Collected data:
=== Section Start ===

(* Let $f\in E^{\nu}_{p,q}$ with $p\ge1$, $q\ge2$, written in the corresponding coordinates $x=(\xi,\eta,x_n)$ as $f=x_n^4+2(|\xi|^2-3|\eta|^2)x_n^2+8\xi^\top A_\eta\xi\, x_n+\theta(\xi,\eta)$, and let $\theta_3$ be the part of $\theta$ that is homogeneous of degree $3$ in $\xi$ and degree $1$ in $\eta$. Then $\Delta_\xi\theta_3=0$, where $\Delta_\xi$ is the Laplacian in the $\xi$-variables.
   Context: $f$ is a real homogeneous quartic on $\mathbb{R}^n$ with $|\nabla_x f|^2=16|x|^6$. We say $f\in E^{\nu}_{p,q}$ if there are orthonormal coordinates $x=(\xi,\eta,x_n)$, $\xi\in\mathbb{R}^p$, $\eta\in\mathbb{R}^q$, $p+q=n-1$, in which $f(x)=x_n^4+2(|\xi|^2-3|\eta|^2)x_n^2+8\psi(\xi,\eta)x_n+\theta(\xi,\eta)$ with $\theta$ a homogeneous quartic, $\psi(\xi,\eta)=\xi^\top A_\eta\xi$ where $A_\eta=\sum_{i=1}^q\eta_iA_i$ for symmetric $A_i\in\mathbb{R}^{p\times p}$, and for every $\eta\ne0$ the matrix $A_\eta$ is similar to $|\eta|\,\mathrm{diag}(\mathbf{1}_\nu,-\mathbf{1}_\nu,\mathbf{0}_{p-2\nu})$. *)

theory Defs
  imports "HOL-Analysis.Analysis"
begin

definition similar_matrix :: "real^'n^'n \<Rightarrow> real^'n^'n \<Rightarrow> bool" where
  "similar_matrix A B \<longleftrightarrow> (\<exists>P. invertible P \<and> A = matrix_inv P ** B ** P)"

definition diagonal_matrix :: "real^'n^'n \<Rightarrow> bool" where
  "diagonal_matrix D \<longleftrightarrow> (\<forall>i j. i \<noteq> j \<longrightarrow> D $ i $ j = 0)"

definition A_eta :: "('q::finite \<Rightarrow> real^'p^'p) \<Rightarrow> real^'q \<Rightarrow> real^'p^'p" where
  "A_eta A \<eta> = (\<Sum>i\<in>UNIV. (\<eta> $ i) *\<^sub>R A i)"

definition joint :: "real^'p \<Rightarrow> real^'q \<Rightarrow> ('p + 'q) \<Rightarrow> real" where
  "joint \<xi> \<eta> a = (case a of Inl i \<Rightarrow> \<xi> $ i | Inr j \<Rightarrow> \<eta> $ j)"

text \<open>A general homogeneous quartic form on R^p x R^q, given by a coefficient tensor.\<close>
definition quartic_form ::
  "(('p::finite + 'q::finite) \<Rightarrow> ('p + 'q) \<Rightarrow> ('p + 'q) \<Rightarrow> ('p + 'q) \<Rightarrow> real)
   \<Rightarrow> real^'p \<Rightarrow> real^'q \<Rightarrow> real" where
  "quartic_form C \<xi> \<eta> = (\<Sum>a\<in>UNIV. \<Sum>b\<in>UNIV. \<Sum>c\<in>UNIV. \<Sum>d\<in>UNIV.
      C a b c d * joint \<xi> \<eta> a * joint \<xi> \<eta> b * joint \<xi> \<eta> c * joint \<xi> \<eta> d)"

definition n_eta :: "('p + 'q) list \<Rightarrow> nat" where
  "n_eta xs = length (filter (\<lambda>a. \<not> isl a) xs)"

definition part31 ::
  "(('p::finite + 'q::finite) \<Rightarrow> ('p + 'q) \<Rightarrow> ('p + 'q) \<Rightarrow> ('p + 'q) \<Rightarrow> real)
   \<Rightarrow> real^'p \<Rightarrow> real^'q \<Rightarrow> real" where
  "part31 C \<xi> \<eta> = (\<Sum>a\<in>UNIV. \<Sum>b\<in>UNIV. \<Sum>c\<in>UNIV. \<Sum>d\<in>UNIV.
      (if n_eta [a, b, c, d] = 1 then
        C a b c d * joint \<xi> \<eta> a * joint \<xi> \<eta> b * joint \<xi> \<eta> c * joint \<xi> \<eta> d
       else 0))"

definition laplacian :: "(real^'p::finite \<Rightarrow> real) \<Rightarrow> real^'p \<Rightarrow> real" where
  "laplacian g \<xi> = (\<Sum>i\<in>UNIV. deriv (deriv (\<lambda>r. g (\<xi> + r *\<^sub>R axis i 1))) 0)"

end

(*
  Split \<theta> = \<vartheta>\<^sub>0 + ... + \<vartheta>\<^sub>4 with \<vartheta>\<^sub>k homogeneous of degree k in \<eta>, so that
  \<theta>\<^sub>3 = \<vartheta>\<^sub>1. The eikonal equation is a polynomial identity in x\<^sub>n; its coefficients of
  x\<^sub>n\<^sup>0, x\<^sub>n\<^sup>1, x\<^sub>n\<^sup>2, evaluated at (\<xi>, m \<eta>) and expanded in m, determine \<vartheta>\<^sub>0 and \<vartheta>\<^sub>2,
  give \<vartheta>\<^sub>3 = 0, and yield two facts on the \<xi>-gradient of \<vartheta>\<^sub>1: it is orthogonal to
  A\<^sub>\<eta> \<xi>, and it vanishes on ker A\<^sub>\<eta>.

  Let S be the polarisation of \<vartheta>\<^sub>1(-, \<eta>) and B = A\<^sub>\<eta> / |\<eta>|, so that B\<^sup>3 = B. The first
  fact reads S(B x, x, x) = 0, which after polarisation gives S(u, u, -) = 0 for eigenvectors
  u of B with eigenvalue \<plusminus>1; the second gives S(-, z, z) = 0 for z \<in> ker B. The Laplacian
  of \<vartheta>\<^sub>1 is the trace of S in its first two arguments; splitting it along the orthogonal
  eigenspace decomposition of B, the diagonal blocks vanish by these two facts and the
  off-diagonal blocks because the eigenspaces are orthogonal.
*)

theory Submission
  imports Defs
begin

lemma scaleR_matrix_vector_mult: "((c::real) *\<^sub>R (M::real^'n^'m)) *v x = c *\<^sub>R (M *v x)"
  by (simp add: matrix_vector_mult_def vec_eq_iff sum_distrib_left mult.assoc)

lemma symmetric_matrix_entry:
  assumes "transpose M = M"
  shows "M $ j $ i = M $ i $ j"
  using arg_cong[OF assms, of "\<lambda>M. M $ i $ j"] by (simp add: transpose_def)

lemma inner_symmetric_matrix:
  assumes "transpose M = (M::real^'n^'n)"
  shows "x \<bullet> (M *v y) = y \<bullet> (M *v x)"
  by (metis assms dot_lmul_matrix inner_commute transpose_transpose vector_transpose_matrix)

lemma diagonal_matrix_vector_mult:
  assumes "diagonal_matrix D"
  shows "(D *v y) $ i = D $ i $ i * y $ i"
proof -
  have "(D *v y) $ i = (\<Sum>j\<in>UNIV. D $ i $ j * y $ j)"
    by (simp add: matrix_vector_mult_def)
  also have "\<dots> = (\<Sum>j\<in>UNIV. if j = i then D $ i $ i * y $ i else 0)"
    using assms by (intro sum.cong) (auto simp: diagonal_matrix_def)
  finally show ?thesis
    by simp
qed

lemma similar_diagonal_cube:
  fixes M D :: "real^'n::finite^'n"
  assumes "diagonal_matrix D" and "\<forall>i. D $ i $ i \<in> {l, - l, 0}" and "similar_matrix M D"
  shows "M *v (M *v (M *v x)) = l^2 *\<^sub>R (M *v x)"
proof -
  obtain P where P: "invertible P" and M_eq: "M = matrix_inv P ** D ** P"
    using assms(3) unfolding similar_matrix_def by blast
  from P have "P ** matrix_inv P = mat 1 \<and> matrix_inv P ** P = mat 1"
    unfolding invertible_def matrix_inv_def by (rule someI_ex)
  then have PQ: "P *v (matrix_inv P *v y) = y" for y
    by (simp add: matrix_vector_mul_assoc)
  have M_apply: "M *v y = matrix_inv P *v (D *v (P *v y))" for y
    by (simp add: M_eq matrix_vector_mul_assoc matrix_mul_assoc)
  have "(D $ i $ i)^3 = l^2 * D $ i $ i" for i
    using assms(2) by (auto simp: power2_eq_square power3_eq_cube)
  then have "D *v (D *v (D *v y)) = l^2 *\<^sub>R (D *v y)" for y
    by (simp add: vec_eq_iff diagonal_matrix_vector_mult[OF assms(1)] power2_eq_square power3_eq_cube
        algebra_simps)
  then show ?thesis
    by (simp add: M_apply PQ matrix_vector_mult_scaleR)
qed

lemma norm_add_scaleR_sq: "norm (x + s *\<^sub>R v)^2 = norm x^2 + 2 * s * (x \<bullet> v) + s^2 * norm v^2"
  by (simp only: power2_norm_eq_inner) (simp add: inner_add inner_commute algebra_simps power2_eq_square)

lemma norm_quadratic_poly_sq:
  fixes p q r :: "'a::real_inner"
  shows "norm (t^2 *\<^sub>R p + t *\<^sub>R q + r)^2 = t^4 * norm p^2 + t^3 * (2 * (p \<bullet> q))
    + t^2 * (norm q^2 + 2 * (p \<bullet> r)) + t * (2 * (q \<bullet> r)) + norm r^2"
  by (simp only: power2_norm_eq_inner)
    (simp add: inner_add inner_commute algebra_simps power2_eq_square power3_eq_cube power4_eq_xxxx)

=== Section End ===

### EXERCISE REQUIREMENTS
In the entries above, one line contains "by (metis assms" and another contains "by (simp add: M_apply". Reproduce exactly those two lines and the lines between them, nothing else.

### YOUR SOLUTION
  by (metis assms dot_lmul_matrix inner_commute transpose_transpose vector_transpose_matrix)

lemma diagonal_matrix_vector_mult:
  assumes "diagonal_matrix D"
  shows "(D *v y) $ i = D $ i $ i * y $ i"
proof -
  have "(D *v y) $ i = (\<Sum>j\<in>UNIV. D $ i $ j * y $ j)"
    by (simp add: matrix_vector_mult_def)
  also have "\<dots> = (\<Sum>j\<in>UNIV. if j = i then D $ i $ i * y $ i else 0)"
    using assms by (intro sum.cong) (auto simp: diagonal_matrix_def)
  finally show ?thesis
    by simp
qed

lemma similar_diagonal_cube:
  fixes M D :: "real^'n::finite^'n"
  assumes "diagonal_matrix D" and "\<forall>i. D $ i $ i \<in> {l, - l, 0}" and "similar_matrix M D"
  shows "M *v (M *v (M *v x)) = l^2 *\<^sub>R (M *v x)"
proof -
  obtain P where P: "invertible P" and M_eq: "M = matrix_inv P ** D ** P"
    using assms(3) unfolding similar_matrix_def by blast
  from P have "P ** matrix_inv P = mat 1 \<and> matrix_inv P ** P = mat 1"
    unfolding invertible_def matrix_inv_def by (rule someI_ex)
  then have PQ: "P *v (matrix_inv P *v y) = y" for y
    by (simp add: matrix_vector_mul_assoc)
  have M_apply: "M *v y = matrix_inv P *v (D *v (P *v y))" for y
    by (simp add: M_eq matrix_vector_mul_assoc matrix_mul_assoc)
  have "(D $ i $ i)^3 = l^2 * D $ i $ i" for i
    using assms(2) by (auto simp: power2_eq_square power3_eq_cube)
  then have "D *v (D *v (D *v y)) = l^2 *\<^sub>R (D *v y)" for y
    by (simp add: vec_eq_iff diagonal_matrix_vector_mult[OF assms(1)] power2_eq_square power3_eq_cube
        algebra_simps)
  then show ?thesis
    by (simp add: M_apply PQ matrix_vector_mult_scaleR)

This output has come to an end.